[Collected data entries]
(* For $n\ge2$, the assignment $\lambda_{kl}\mapsto\lambda_{kl}$ ($1\le k\ne l\le n$) defines an injective homomorphism from the virtual pure braid group $VP_n$ into $PL_n\le TVP_n$. In particular, $VP_n$ is isomorphic to the subgroup of $TVP_n$ generated by the elements $\lambda_{kl}$, $1\le k\neq l\le n$.
   Context: For $n\ge 2$, the twisted virtual braid group $TVB_n$ is the group with generators $\sigma_1,\dots,\sigma_{n-1}$, $\rho_1,\dots,\rho_{n-1}$, $\gamma_1,\dots,\gamma_n$ and defining relations: $\sigma_i\sigma_{i+1}\sigma_i=\sigma_{i+1}\sigma_i\sigma_{i+1}$ ($1\le i\le n-2$); $\sigma_i\sigma_j=\sigma_j\sigma_i$ ($|i-j|\ge 2$); $\rho_i^2=1$; $\rho_i\rho_j=\rho_j\rho_i$ ($|i-j|\ge2$); $\rho_i\rho_{i+1}\rho_i=\rho_{i+1}\rho_i\rho_{i+1}$ ($1\le i\le n-2$); $\sigma_i\rho_j=\rho_j\sigma_i$ ($|i-j|\ge 2$); $\rho_i\rho_{i+1}\sigma_i=\sigma_{i+1}\rho_i\rho_{i+1}$ ($1\le i\le n-2$); $\gamma_i^2=1$ and $\gamma_i\gamma_j=\gamma_j\gamma_i$ (all $i,j$); $\gamma_j\rho_i=\rho_i\gamma_j$ and $\gamma_j\sigma_i=\sigma_i\gamma_j$ for $j\notin\{i,i+1\}$; $\rho_i\gamma_i=\gamma_{i+1}\rho_i$ ($1\le i\le n-1$); $\rho_i\sigma_i\rho_i=\gamma_{i+1}\gamma_i\sigma_i\gamma_i\gamma_{i+1}$ ($1\le i\le n-1$). $TVP_n$ is the kernel of $\varphi_P:TVB_n\to S_n$, $\sigma_i,\rho_i\mapsto(i,i+1)$, $\gamma_j\mapsto e$. In $TVB_n$ define $\lambda_{i,i+1}=\rho_i\sigma_i^{-1}$, $\lambda_{i+1,i}=\rho_i\lambda_{i,i+1}\rho_i$ ($1\le i\le n-1$), and for $1\le i<j-1\le n-1$: $\lambda_{ij}=\rho_{j-1}\cdots\rho_{i+1}\lambda_{i,i+1}\rho_{i+1}\cdots\rho_{j-1}$, $\lambda_{ji}=\rho_{j-1}\cdots\rho_{i+1}\lambda_{i+1,i}\rho_{i+1}\cdots\rho_{j-1}$. $A_n=\langle\gamma_1,\dots,\gamma_n\rangle$; $\psi_P:TVP_n\to A_n$ is the homomorphism with $\lambda_{kl}\mapsto e$, $\gamma_j\mapsto\gamma_j$; $PL_n=\ker\psi_P$. The virtual pure braid group $VP_n$ is the abstract group with generators $\lambda_{ij}$, $1\le i\ne j\le n$, and defining relations $\lambda_{ij}\lambda_{kl}=\lambda_{kl}\lambda_{ij}$ and $\lambda_{ki}\lambda_{kj}\lambda_{ij}=\lambda_{ij}\lambda_{kj}\lambda_{ki}$, where distinct letters denote distinct indices. *)

theory Defs
  imports "HOL-Algebra.Algebra"
begin

text \<open>A word is a list of letters; (g, True) stands for g and (g, False) for g inverse.\<close>
type_synonym 'g word = "('g \<times> bool) list"

definition winv :: "'g word \<Rightarrow> 'g word" where
  "winv w = rev (map (\<lambda>(g, b). (g, \<not> b)) w)"

inductive word_eq :: "('g word \<times> 'g word) set \<Rightarrow> 'g word \<Rightarrow> 'g word \<Rightarrow> bool"
  for R where
  refl: "word_eq R w w"
| sym: "word_eq R u v \<Longrightarrow> word_eq R v u"
| trans: "word_eq R u v \<Longrightarrow> word_eq R v w \<Longrightarrow> word_eq R u w"
| cancel: "word_eq R (u @ [(a, b), (a, \<not> b)] @ v) (u @ v)"
| rel: "(l, r) \<in> R \<Longrightarrow> word_eq R (u @ l @ v) (u @ r @ v)"

definition wclass :: "('g word \<times> 'g word) set \<Rightarrow> 'g word \<Rightarrow> 'g word set" where
  "wclass R w = {v. word_eq R v w}"

definition pres_group :: "'g set \<Rightarrow> ('g word \<times> 'g word) set \<Rightarrow> 'g word set monoid" where
  "pres_group Gs R = monoid.make {wclass R w | w. set w \<subseteq> Gs \<times> UNIV}
     (\<lambda>A B. {v. \<exists>a\<in>A. \<exists>b\<in>B. word_eq R v (a @ b)}) (wclass R [])"

definition gw :: "'g \<Rightarrow> 'g word" where
  "gw g = [(g, True)]"

text \<open>S i = sigma_i, Rh i = rho_i, G j = gamma_j.\<close>
datatype tvb_gen = S nat | Rh nat | G nat

definition tvb_gens :: "nat \<Rightarrow> tvb_gen set" where
  "tvb_gens n = {S i | i. 1 \<le> i \<and> i \<le> n - 1} \<union> {Rh i | i. 1 \<le> i \<and> i \<le> n - 1}
     \<union> {G j | j. 1 \<le> j \<and> j \<le> n}"

definition tvb_rels :: "nat \<Rightarrow> (tvb_gen word \<times> tvb_gen word) set" where
  "tvb_rels n =
     {(gw (S i) @ gw (S (i+1)) @ gw (S i), gw (S (i+1)) @ gw (S i) @ gw (S (i+1))) | i.
        1 \<le> i \<and> i \<le> n - 2}
   \<union> {(gw (S i) @ gw (S j), gw (S j) @ gw (S i)) | i j.
        1 \<le> i \<and> i \<le> n - 1 \<and> 1 \<le> j \<and> j \<le> n - 1 \<and> (i + 2 \<le> j \<or> j + 2 \<le> i)}
   \<union> {(gw (Rh i) @ gw (Rh i), []) | i. 1 \<le> i \<and> i \<le> n - 1}
   \<union> {(gw (Rh i) @ gw (Rh j), gw (Rh j) @ gw (Rh i)) | i j.
        1 \<le> i \<and> i \<le> n - 1 \<and> 1 \<le> j \<and> j \<le> n - 1 \<and> (i + 2 \<le> j \<or> j + 2 \<le> i)}
   \<union> {(gw (Rh i) @ gw (Rh (i+1)) @ gw (Rh i), gw (Rh (i+1)) @ gw (Rh i) @ gw (Rh (i+1))) | i.
        1 \<le> i \<and> i \<le> n - 2}
   \<union> {(gw (S i) @ gw (Rh j), gw (Rh j) @ gw (S i)) | i j.
        1 \<le> i \<and> i \<le> n - 1 \<and> 1 \<le> j \<and> j \<le> n - 1 \<and> (i + 2 \<le> j \<or> j + 2 \<le> i)}
   \<union> {(gw (Rh i) @ gw (Rh (i+1)) @ gw (S i), gw (S (i+1)) @ gw (Rh i) @ gw (Rh (i+1))) | i.
        1 \<le> i \<and> i \<le> n - 2}
   \<union> {(gw (G i) @ gw (G i), []) | i. 1 \<le> i \<and> i \<le> n}
   \<union> {(gw (G i) @ gw (G j), gw (G j) @ gw (G i)) | i j. 1 \<le> i \<and> i \<le> n \<and> 1 \<le> j \<and> j \<le> n}
   \<union> {(gw (G j) @ gw (Rh i), gw (Rh i) @ gw (G j)) | i j.
        1 \<le> i \<and> i \<le> n - 1 \<and> 1 \<le> j \<and> j \<le> n \<and> j \<noteq> i \<and> j \<noteq> i + 1}
   \<union> {(gw (G j) @ gw (S i), gw (S i) @ gw (G j)) | i j.
        1 \<le> i \<and> i \<le> n - 1 \<and> 1 \<le> j \<and> j \<le> n \<and> j \<noteq> i \<and> j \<noteq> i + 1}
   \<union> {(gw (Rh i) @ gw (G i), gw (G (i+1)) @ gw (Rh i)) | i. 1 \<le> i \<and> i \<le> n - 1}
   \<union> {(gw (Rh i) @ gw (S i) @ gw (Rh i),
        gw (G (i+1)) @ gw (G i) @ gw (S i) @ gw (G i) @ gw (G (i+1))) | i. 1 \<le> i \<and> i \<le> n - 1}"

definition TVB :: "nat \<Rightarrow> tvb_gen word set monoid" where
  "TVB n = pres_group (tvb_gens n) (tvb_rels n)"

definition tvb_el :: "nat \<Rightarrow> tvb_gen word \<Rightarrow> tvb_gen word set" where
  "tvb_el n w = wclass (tvb_rels n) w"

fun letter_perm :: "tvb_gen \<Rightarrow> nat \<Rightarrow> nat" where
  "letter_perm (S i) = (\<lambda>x. if x = i then i + 1 else if x = i + 1 then i else x)"
| "letter_perm (Rh i) = (\<lambda>x. if x = i then i + 1 else if x = i + 1 then i else x)"
| "letter_perm (G j) = id"

definition perm_word :: "tvb_gen word \<Rightarrow> nat \<Rightarrow> nat" where
  "perm_word w = foldr (\<lambda>(g, b) p. letter_perm g \<circ> p) w id"

text \<open>TVP_n = ker phi_P (transpositions are involutions, so inverse letters map to the
  same transposition).\<close>
definition TVP :: "nat \<Rightarrow> tvb_gen word set set" where
  "TVP n = {x \<in> carrier (TVB n). \<exists>w. set w \<subseteq> tvb_gens n \<times> UNIV \<and> x = tvb_el n w
              \<and> perm_word w = id}"

definition rhos :: "nat \<Rightarrow> nat \<Rightarrow> tvb_gen word" where
  "rhos i j = map (\<lambda>k. (Rh k, True)) (rev [i+1..<j])"

definition lam_up :: "nat \<Rightarrow> tvb_gen word" where
  "lam_up i = [(Rh i, True), (S i, False)]"

definition lam_down :: "nat \<Rightarrow> tvb_gen word" where
  "lam_down i = [(Rh i, True)] @ lam_up i @ [(Rh i, True)]"

definition lam_word :: "nat \<Rightarrow> nat \<Rightarrow> tvb_gen word" where
  "lam_word k l = (if k < l then rhos k l @ lam_up k @ rev (rhos k l)
                   else rhos l k @ lam_down l @ rev (rhos l k))"

definition lam_el :: "nat \<Rightarrow> nat \<Rightarrow> nat \<Rightarrow> tvb_gen word set" where
  "lam_el n k l = tvb_el n (lam_word k l)"

definition gamma_el :: "nat \<Rightarrow> nat \<Rightarrow> tvb_gen word set" where
  "gamma_el n j = tvb_el n (gw (G j))"

definition vp_gens :: "nat \<Rightarrow> (nat \<times> nat) set" where
  "vp_gens n = {(i, j). 1 \<le> i \<and> i \<le> n \<and> 1 \<le> j \<and> j \<le> n \<and> i \<noteq> j}"

definition vp_rels :: "nat \<Rightarrow> ((nat \<times> nat) word \<times> (nat \<times> nat) word) set" where
  "vp_rels n =
     {(gw (i, j) @ gw (k, l), gw (k, l) @ gw (i, j)) | i j k l.
        i \<in> {1..n} \<and> j \<in> {1..n} \<and> k \<in> {1..n} \<and> l \<in> {1..n} \<and> distinct [i, j, k, l]}
   \<union> {(gw (k, i) @ gw (k, j) @ gw (i, j), gw (i, j) @ gw (k, j) @ gw (k, i)) | i j k.
        i \<in> {1..n} \<and> j \<in> {1..n} \<and> k \<in> {1..n} \<and> distinct [i, j, k]}"

definition VP :: "nat \<Rightarrow> (nat \<times> nat) word set monoid" where
  "VP n = pres_group (vp_gens n) (vp_rels n)"

definition vp_gen :: "nat \<Rightarrow> nat \<Rightarrow> nat \<Rightarrow> (nat \<times> nat) word set" where
  "vp_gen n k l = wclass (vp_rels n) (gw (k, l))"

end

theory Submission
  imports Defs
begin

text \<open>Substituting for the generator lambda_kl of VP_n the word of lambda_kl in TVB_n respects
  the defining relations of VP_n, so it induces a homomorphism. It suffices to check the relations
  for the indices (1, 2, 3, 4) and (1, 2, 3): conjugation by rho_m permutes the lambda_kl as the
  transposition (m m+1) permutes their indices, and adjacent transpositions carry any tuple of
  distinct indices to these.

  Injectivity comes from a left inverse. TVB_n acts on triples (twisted strands, permutation of
  the strands, word in VP_n) through an action respecting its relations, in which every crossing
  sigma_i^{-1} records the lambda of the two strands it crosses; the word of lambda_kl then acts by
  appending the letter lambda_kl. The image lies in TVP_n since every lambda_kl induces the trivial
  permutation, and it is the subgroup generated by the lambda_kl.\<close>

section \<open>Presented groups and word substitutions\<close>

declare word_eq.refl [simp] word_eq.trans [trans]

lemma word_eq_context: "word_eq R u v \<Longrightarrow> word_eq R (a @ u @ b) (a @ v @ b)"
proof (induction rule: word_eq.induct)
  case (sym u v)
  then show ?case by (blast intro: word_eq.sym)
next
  case (trans u v w)
  then show ?case by (blast intro: word_eq.trans)
next
  case (cancel u x y v)
  show ?case
    using word_eq.cancel[of R "a @ u" x y "v @ b"] by simp
next
  case (rel l r u v)
  show ?case
    using word_eq.rel[OF rel, of "a @ u" "v @ b"] by simp
qed simp

lemma word_eq_append: "word_eq R u u' \<Longrightarrow> word_eq R v v' \<Longrightarrow> word_eq R (u @ v) (u' @ v')"
  using word_eq_context[of R u u' "[]" v] word_eq_context[of R v v' u' "[]"]
  by (simp add: word_eq.trans)

lemma word_eq_relI: "(l, r) \<in> R \<Longrightarrow> word_eq R l r"
  using word_eq.rel[of l r R "[]" "[]"] by simp

lemma word_eq_cancel_pair: "word_eq R [(g, b), (g, \<not> b)] []"
  using word_eq.cancel[of R "[]" g b "[]"] by simp

lemma winv_Nil [simp]: "winv [] = []"
  by (simp add: winv_def)

lemma winv_Cons [simp]: "winv ((g, b) # w) = winv w @ [(g, \<not> b)]"
  by (simp add: winv_def)

lemma winv_append [simp]: "winv (u @ v) = winv v @ winv u"
  by (simp add: winv_def)

lemma winv_winv [simp]: "winv (winv w) = w"
  by (induct w) (auto simp: winv_def)

lemma set_winv [simp]: "set (winv w) = (\<lambda>(g, b). (g, \<not> b)) ` set w"
  by (simp add: winv_def)

lemma word_eq_append_winv: "word_eq R (w @ winv w) []"
proof (induct w)
  case (Cons x w)
  obtain g b where x: "x = (g, b)" by fastforce
  have "word_eq R ([(g, b)] @ (w @ winv w) @ [(g, \<not> b)]) ([(g, b)] @ [] @ [(g, \<not> b)])"
    using Cons by (rule word_eq_context)
  then show ?case
    using word_eq_cancel_pair[of R g b] by (auto simp: x intro: word_eq.trans)
qed simp

lemma word_eq_winv_append: "word_eq R (winv w @ w) []"
  using word_eq_append_winv[of R "winv w"] by simp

## EXERCISE
Copy out the lines of the data where the string "case" occurs.

## EXPECTED ANSWER
  case (sym u v)
  then show ?case by (blast intro: word_eq.sym)
  case (trans u v w)
  then show ?case by (blast intro: word_eq.trans)
  case (cancel u x y v)
  show ?case
  case (rel l r u v)
  show ?case
  case (Cons x w)
  then show ?case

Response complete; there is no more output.